Don't start from the flat profiles solution
Even if it's a different plasma in a different machine, as long as the number of cells is the same simply copying b2fstate/i
into the new run will aid its convergence. If the number of cells doesn't match, use the b2yt
command (refer to the manual for exact instructions). In the words of Fabio Subba, 2021:
Convergence of the run and even the result might depend on the starting profiles. Flat profile case is not the best choice. Fastest convergence is reached when restarting from the similar run. Important to have the same grids structure and can be even different machine. The main reasons of this dependence is the following: the transport equations are strongly nonlinear and unphysical, or far from real (like flat profiles) can drive to wrong metastable solutions.
Switch to fluid neutrals
As [Carli, 2021] argues, the latest version of fluid neutrals (or standalone B2.5) is accurate enough to replace EIRENE if you really gotta go fast.

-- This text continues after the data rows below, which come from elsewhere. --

(* Let $P$ be a rooted tree poset with $n$ elements. Then $\deg(\partial)\ge n$, with equality if and only if $P$ is a rooted star poset.
   Context: Labelings of $P$ are bijections $P\to[n]$; $\Lambda(P)$ is the set of labelings. Promotion $\partial:\Lambda(P)\to\Lambda(P)$: for non-maximal $x$, the $L$-successor of $x$ is the element greater than $x$ with minimal label; the promotion chain is $v_1=L^{-1}(1)$, $v_{i+1}$ the $L$-successor of $v_i$, ending at the first maximal $v_m$; $\partial(L)(x)=L(x)-1$ off the chain, $\partial(L)(v_i)=L(v_{i+1})-1$ for $i<m$, $\partial(L)(v_m)=n$. A rooted tree poset is a connected poset in which each element is covered by at most one element. A rooted star poset is a rooted tree poset whose root covers every other element. $\deg(f)=\frac{1}{|X|}\sum_{x\in X}|f^{-1}(x)|^2$ for $f:X\to X$, here with $X=\Lambda(P)$. *)

theory Defs
  imports Complex_Main
begin

definition lt :: "('a \<Rightarrow> 'a \<Rightarrow> bool) \<Rightarrow> 'a \<Rightarrow> 'a \<Rightarrow> bool" where
  "lt le x y \<longleftrightarrow> le x y \<and> x \<noteq> y"

definition finite_poset :: "'a set \<Rightarrow> ('a \<Rightarrow> 'a \<Rightarrow> bool) \<Rightarrow> bool" where
  "finite_poset P le \<longleftrightarrow> finite P \<and>
     (\<forall>x\<in>P. le x x) \<and>
     (\<forall>x\<in>P. \<forall>y\<in>P. le x y \<and> le y x \<longrightarrow> x = y) \<and>
     (\<forall>x\<in>P. \<forall>y\<in>P. \<forall>z\<in>P. le x y \<and> le y z \<longrightarrow> le x z)"

definition covers :: "'a set \<Rightarrow> ('a \<Rightarrow> 'a \<Rightarrow> bool) \<Rightarrow> 'a \<Rightarrow> 'a \<Rightarrow> bool" where
  "covers P le x y \<longleftrightarrow> x \<in> P \<and> y \<in> P \<and> lt le x y \<and>
     \<not> (\<exists>z\<in>P. lt le x z \<and> lt le z y)"

definition is_maximal :: "'a set \<Rightarrow> ('a \<Rightarrow> 'a \<Rightarrow> bool) \<Rightarrow> 'a \<Rightarrow> bool" where
  "is_maximal P le x \<longleftrightarrow> x \<in> P \<and> \<not> (\<exists>y\<in>P. lt le x y)"

definition poset_connected :: "'a set \<Rightarrow> ('a \<Rightarrow> 'a \<Rightarrow> bool) \<Rightarrow> bool" where
  "poset_connected P le \<longleftrightarrow> P \<noteq> {} \<and>
     (\<forall>x\<in>P. \<forall>y\<in>P. (x, y) \<in> ({(a, b). a \<in> P \<and> b \<in> P \<and> (le a b \<or> le b a)})\<^sup>*)"

definition rooted_tree_poset :: "'a set \<Rightarrow> ('a \<Rightarrow> 'a \<Rightarrow> bool) \<Rightarrow> bool" where
  "rooted_tree_poset P le \<longleftrightarrow> finite_poset P le \<and> poset_connected P le \<and>
     (\<forall>x\<in>P. \<forall>y\<in>P. \<forall>z\<in>P. covers P le x y \<and> covers P le x z \<longrightarrow> y = z)"

definition rooted_star_poset :: "'a set \<Rightarrow> ('a \<Rightarrow> 'a \<Rightarrow> bool) \<Rightarrow> bool" where
  "rooted_star_poset P le \<longleftrightarrow> rooted_tree_poset P le \<and>
     (\<exists>r\<in>P. \<forall>x\<in>P. x \<noteq> r \<longrightarrow> covers P le x r)"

SOLPS-ITER speed-up schemes
I have not tried any of these because I am intimidated, but once I need to really speed SOLPS up, I might bite the bullet and figure out how to use them.
EIRENE averaging schemes are described in $SOLPSTOP/doc/SOLPS-ITER_EIRENE_averaging.pdf
. They are said to speed up convergence, but I don't see how. It just seems like a bunch of extra calculations to me.
Three speed-up schemes informed by physics/numerics are described at the ITER Sharepoint, Speed_UP_SOLPS-ITER_14-11-2018.pptx. They promise a lot of time saved.